# Gas Piping Question



## Ron

Going to fix this on Tuesday, and no I did not put that temp fix on the cast pipe.


----------



## Tieger plumbing

*Tieger plumbing*



Ron The Plumber said:


> Going to fix this on Tuesday, and no I did not put that temp fix on the cast pipe.


 
While your at it why not tell em they cannot have a bushing on a gas line and it has to be replaced with a nipple and reducing coupling


----------



## Protech

NFPA code citation #?


----------



## Tieger plumbing

*Tieger plumbing*



Protech said:


> NFPA code citation #?


 
and AGA and |NFGC NFPA 54 :yes::yes:


----------



## ROCKSTARPLUMBER

SInce it was brought up, that bushing on that gas tee is not to code, also, should have the appropriate length in a drip leg of some sort. 
I repaired a cast line not to long ago in a ceiling. I poked a hole through the bottom of it with my pinky. House was only about 40 yrs old. BUT, they are on a septic tank.


----------



## ILPlumber

Protech said:


> NFPA code citation #?


 
...


----------



## ILPlumber

Yank that bushing out and install a 6" nipple with a cap. 

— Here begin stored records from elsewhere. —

lemma vanishing_P_subset_dual: "vanishing P \<subseteq> dual q n (vanishing Z)"
proof
  fix v assume v: "v \<in> vanishing P"
  have "(\<Sum>j<n. coeff c j * coeff v j) = 0" if c: "c \<in> vanishing Z" for c
  proof -
    have "(\<Sum>j<n. coeff c j * coeff v j) = (\<Sum>s\<in>P \<union> Z. poly c (\<omega> s) * poly v (\<omega> (- s)))"
      using parseval[of c v "- int l"] c v by (simp add: vanishing_def Rn_def of_nat_n P_Un_Z)
    also have "\<dots> = 0"
      using c v by (intro sum.neutral) (auto simp: vanishing_def P_def)
    finally show ?thesis .
  qed
  thus "v \<in> dual q n (vanishing Z)" using v by (simp add: dual_def vanishing_def)
qed

definition trace_codeword :: "int \<Rightarrow> 'a \<Rightarrow> 'a poly" where
  "trace_codeword t \<beta> = (\<Sum>j<n. monom (\<beta> * \<omega> (t * int j) + \<beta> ^ q * \<omega> (- t * int j)) j)"

lemma coeff_trace_codeword:
  "coeff (trace_codeword t \<beta>) j = (if j < n then \<beta> * \<omega> (t * int j) + \<beta> ^ q * \<omega> (- t * int j) else 0)"
  by (simp add: trace_codeword_def coeff_sum coeff_monom)

lemma trace_codeword_in_vanishing_Z:
  assumes "t \<in> P"
  shows "trace_codeword t \<beta> \<in> vanishing Z"
proof -
  let ?c = "trace_codeword t \<beta>"
  have "degree ?c < n"
    using n_pos by (intro degree_lessI) (auto simp: coeff_trace_codeword)
  moreover have "over_Fq q ?c"
    by (auto simp: over_Fq_def Fq_def coeff_trace_codeword frobenius_add power_mult_distrib
                   frobenius_omega frobenius_frobenius q_nonzero power_0_left)
  moreover have "poly ?c (\<omega> s) = 0" if s: "s \<in> Z" for s
  proof -
    have "poly ?c (\<omega> s) = \<beta> * (\<Sum>j<n. \<omega> ((s + t) * int j)) + \<beta> ^ q * (\<Sum>j<n. \<omega> ((s - t) * int j))"
      using \<open>degree ?c < n\<close>
      by (simp add: poly_omega coeff_trace_codeword sum.distrib sum_distrib_left algebra_simps
                    omega_add[symmetric])
    moreover have "0 < s + t" "s + t < int n" "0 < s - t" "s - t < int n"
      using s assms n_eq q_eq by (auto simp: P_def Z_def)
    ultimately show ?thesis using zdvd_imp_le by (fastforce simp: sum_omega_lessThan)
  qed
  ultimately show ?thesis by (simp add: vanishing_def Rn_def)
qed

lemma inner_trace_codeword:
  assumes "v \<in> Rn q n"
  shows "(\<Sum>j<n. coeff (trace_codeword t \<beta>) j * coeff v j) = \<beta> * poly v (\<omega> t) + (\<beta> * poly v (\<omega> t)) ^ q"
proof -
  have v: "over_Fq q v" "degree v < n" using assms by (simp_all add: Rn_def)
  have "(\<Sum>j<n. coeff (trace_codeword t \<beta>) j * coeff v j) = \<beta> * poly v (\<omega> t) + \<beta> ^ q * poly v (\<omega> (- t))"
    using v(2) by (simp add: poly_omega coeff_trace_codeword sum.distrib sum_distrib_left algebra_simps)
  also have "poly v (\<omega> (- t)) = poly v (\<omega> t) ^ q" by (simp add: poly_frobenius[OF v(1)] frobenius_omega)
  finally show ?thesis by (simp add: power_mult_distrib)
qed

lemma dual_subset_vanishing_P: "dual q n (vanishing Z) \<subseteq> vanishing P"
proof
  fix v assume "v \<in> dual q n (vanishing Z)"
  hence v: "v \<in> Rn q n" and orth: "\<And>c. c \<in> vanishing Z \<Longrightarrow> (\<Sum>j<n. coeff c j * coeff v j) = 0"
    by (auto simp: dual_def)
  have "poly v (\<omega> t) = 0" if t: "t \<in> P" for t
  proof (rule ccontr)
    assume nz: "poly v (\<omega> t) \<noteq> 0"
    obtain x :: 'a where x: "x + x ^ q \<noteq> 0" using trace_nonzero by blast
    have "\<beta> * poly v (\<omega> t) + (\<beta> * poly v (\<omega> t)) ^ q = 0" for \<beta>
      using orth[OF trace_codeword_in_vanishing_Z[OF t]] inner_trace_codeword[OF v] by simp
    from this[of "x / poly v (\<omega> t)"] show False using x nz by simp
  qed
  thus "v \<in> vanishing P" using v by (simp add: vanishing_def)
qed

lemma dual_vanishing_Z: "dual q n (vanishing Z) = vanishing P"
  using vanishing_P_subset_dual dual_subset_vanishing_P by blast

lemma mu_invariant_P_mod_n: "mu_invariant q n P_mod_n"
proof -
  have mult_q: "q * nat (i mod int n) mod n = nat (- i mod int n)" for i
  proof -
    have "int q * i - - i = int n * i" using n_eq by (simp add: algebra_simps)
    hence "(int q * (i mod int n)) mod int n = - i mod int n"
      by (simp add: mod_mult_right_eq mod_eq_dvd_iff)
    moreover have "int (q * nat (i mod int n) mod n) = (int q * (i mod int n)) mod int n"
      using n_pos by (simp add: zmod_int)
    ultimately show ?thesis by linarith
  qed
  have "(\<lambda>i. q * i mod n) ` P_mod_n = (\<lambda>i. nat (i mod int n)) ` uminus ` P"
    by (simp add: image_image mult_q)
  also have "uminus ` P = P" by (force simp: P_def)
  finally show ?thesis unfolding mu_invariant_def .
qed

lemma phi_image_vanishing_Z: "phi n \<theta> q k ` vanishing Z = dual q n (vanishing Z)"
  by (simp add: phi_image_vanishing reflect_Z dual_vanishing_Z)

lemma iso_self_dual_vanishing_Z: "iso_self_dual q n \<theta> (vanishing Z)"
  unfolding iso_self_dual_def
proof (intro exI conjI)
  show "0 < q" "coprime q n" "k < n" using q_gt_1 n_eq n_eq_2k k_eq by simp_all
  have "q * k = k + n * (2 * l)" using q_eq n_eq_2k k_eq by (simp add: algebra_simps)
  thus "q * k mod n = k mod n" by simp
qed (rule phi_image_vanishing_Z)

end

Is there a valve upstream of the regulator?

Regulator vent?

Union adjacent to the regulator?


----------



## TheMaster

Is the gas pipe in rons pic cast iron? I see the code above and if you read number 5 it says "cast iron shall comply with the following" and then has a,b,c,d,e listed out with "B" highlighted as "No bushings"


----------



## ILPlumber

TheMaster said:


> Is the gas pipe in rons pic cast iron? I see the code above and if you read number 5 it says "cast iron shall comply with the following" and then has a,b,c,d,e listed out with "B" highlighted as "No bushings"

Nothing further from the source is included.